1

Currently I'm developing a Shiny App for a customer with a large dataset (1.5 GB CSV, which I compressed to a 150 MB RDS). I'm having trouble each time a user changes an input, it seems that the slowest step, the data import is executed with every change. Here's a minimal example (the app is a bit more complex but the problem is the same).

UI.R (basic example from R studio, nothing relevant here just a select input and a ggplot):

library(shiny)

# Define UI for application that draws a histogram
shinyUI(fluidPage(

  # Application title
  titlePanel("Old Faithful Geyser Data"),

  # Sidebar with a slider input for number of bins 
  sidebarLayout(
    sidebarPanel(
      selectInput("select_z", "Z Value", selected = 387.5,c(seq(293.5,443.5,1)))
    ),

    # Show a plot of the generated distribution
    mainPanel(
       plotOutput("distPlot")
    )
  )
))

Server.R (a readRDS statement out of the server function, and a simple dplyr filter)

library(shiny)
library(dplyr)
library(magrittr)
library(ggplot2)

data <- readRDS('./data.rds')

# Define server logic required to draw a histogram
shinyServer(function(input, output) {

  output$distPlot <- renderPlot({

    # generate bins based on input$bins from ui.R
    filtered_data <- data %>% filter(Z == input$select_z)

    # draw the histogram with the specified number of bins
    ggplot(filtered_data)+
      geom_histogram(aes(X))

  })

})

The initial load takes approximately 10 seconds (as normal) but the problem is everytime the user changes the inputs.

I tested the same setup in a non-reactive environment and the times are way faster, showing that the only constraint is the data import, the rest of the operations take less than a second.

system.time(readRDS('./data.rds'))
   user  system elapsed 
  3.121   0.396   3.524 
> system.time(filtered_data <- data %>% filter(Z == 384.5))
   user  system elapsed 
  0.048   0.011   0.059 
> system.time(ggplot(filtered_data)+geom_histogram(aes(X)))
   user  system elapsed 
  0.001   0.000   0.001 

I think the problem is because the data import statement is executed every time an input changes, but I haven't found a way to stop this from happening.

Thanks

Z.Lin
  • 28,055
  • 6
  • 54
  • 94
Esteban Angel
  • 51
  • 2
  • 4
  • 2
    Since you've run the `readRDS` function outside the `shinyServer` function it should only run once. Filtering and plotting a large dataset can take time.
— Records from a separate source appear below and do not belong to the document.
lemma PA_sperm_braid:
  assumes "1 \<le> i" and "Suc i < r"
  shows "pmult r z (pmult r z (bas (sperm r i)) (bas (sperm r (Suc i)))) (bas (sperm r i))
    = pmult r z (pmult r z (bas (sperm r (Suc i))) (bas (sperm r i))) (bas (sperm r (Suc i)))"
proof -
  have s: "adj_swap i permutes {1..r}" "adj_swap (Suc i) permutes {1..r}"
    using adj_swap_permutes[of i r] adj_swap_permutes[of "Suc i" r] assms by auto
  have "adj_swap i \<circ> (adj_swap (Suc i) \<circ> adj_swap i) = adj_swap (Suc i) \<circ> (adj_swap i \<circ> adj_swap (Suc i))"
    by (auto simp: fun_eq_iff adj_swap_def Transposition.transpose_def)
  then show ?thesis
    using assms s by (simp add: pmult_sperm_sperm pmult_bas_perm_map permutes_compose sperm_eq_perm_map)
qed

lemma PA_sperm_far:
  "1 \<le> i \<Longrightarrow> 1 \<le> j \<Longrightarrow> i < r \<Longrightarrow> j < r \<Longrightarrow> Suc i < j \<or> Suc j < i
     \<Longrightarrow> pmult r z (bas (sperm r i)) (bas (sperm r j)) = pmult r z (bas (sperm r j)) (bas (sperm r i))"
  by (simp add: pmult_sperm_sperm, rule arg_cong[where f = "\<lambda>\<sigma>. bas (perm_map r \<sigma>)"])
    (auto simp: fun_eq_iff adj_swap_def Transposition.transpose_def)

lemma pmult_sperm_bas:
  assumes "1 \<le> i" and "i < r" and "d \<in> pperm r"
  shows "pmult r z (bas (sperm r i)) (bas d) = bas (pcomp (sperm r i) d)"
  using pmult_bas_cover[OF perm_map_pperm[OF adj_swap_permutes] assms(3)] ran_perm_map[OF adj_swap_permutes]
    assms(1,2) by (simp add: sperm_eq_perm_map)

lemma pmult_bas_sperm:
  assumes "1 \<le> i" and "i < r" and "d \<in> pperm r"
  shows "pmult r z (bas d) (bas (sperm r i)) = bas (pcomp d (sperm r i))"
  using pmult_bas_cover[OF assms(3) perm_map_pperm[OF adj_swap_permutes]] assms(1,2)
  by (simp add: sperm_eq_perm_map)

lemma PA_sperm_pproj_pproj:
  assumes "1 \<le> i" and "i < r"
  shows "pmult r z (bas (sperm r i)) (pmult r z (bas (pproj r i)) (bas (pproj r (Suc i))))
           = pmult r z (bas (pproj r i)) (bas (pproj r (Suc i)))"
    and "pmult r z (pmult r z (bas (pproj r i)) (bas (pproj r (Suc i)))) (bas (sperm r i))
           = pmult r z (bas (pproj r i)) (bas (pproj r (Suc i)))"
proof -
  have pp: "pmult r z (bas (pproj r i)) (bas (pproj r (Suc i))) = bas (pid_minus r {i, Suc i})"
    by (simp add: pproj_eq_pid_minus pmult_bas_pid_minus insert_commute)
  have "pcomp (sperm r i) (pid_minus r {i, Suc i}) = pid_minus r {i, Suc i}"
    "pcomp (pid_minus r {i, Suc i}) (sperm r i) = pid_minus r {i, Suc i}"
    by (auto simp: fun_eq_iff pcomp_def map_comp_def sperm_def pid_minus_def)
  then show "pmult r z (bas (sperm r i)) (pmult r z (bas (pproj r i)) (bas (pproj r (Suc i))))
           = pmult r z (bas (pproj r i)) (bas (pproj r (Suc i)))"
    and "pmult r z (pmult r z (bas (pproj r i)) (bas (pproj r (Suc i)))) (bas (sperm r i))
           = pmult r z (bas (pproj r i)) (bas (pproj r (Suc i)))"
    using assms by (simp_all add: pp pmult_sperm_bas pmult_bas_sperm pid_minus_pperm)
qed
Try [profiling your shiny app](http://rstudio.github.io/profvis/examples.html#example-3---profiling-a-shiny-application) to see exactly where time is being spent. – MrFlick Oct 02 '18 at 14:50
  • How much of the data is left after filtering ? Maybe the guilty is ggplot ? Try with a simpler output. Data is also embedded in ggplot, you are using only X, maybe keep only X column when you filter data – Billy34 Jun 09 '20 at 11:26

1 Answers1

4
  • Ideally, you shouldn't need to load files this big into memory and use databases instead, have a look at these storage options from rstudio website.
  • What might improve the user interaction is the use of debounce where the selectInput will be delayed by some amount before firing

shinyServer(function(input, output,session) {

  selection <- reactive({
    input$select_z
  })

  # add a delay of 1 sec
  selected_z <- selection %>% debounce(1000)

  output$distPlot <- renderPlot({
    # generate bins based on input$bins from ui.R
    filtered_data <- data %>% filter(Z == selected_z())

    # draw the histogram with the specified number of bins
    ggplot(filtered_data)+
      geom_histogram(aes(X))
  })
})
Pork Chop
  • 28,528
  • 5
  • 63
  • 77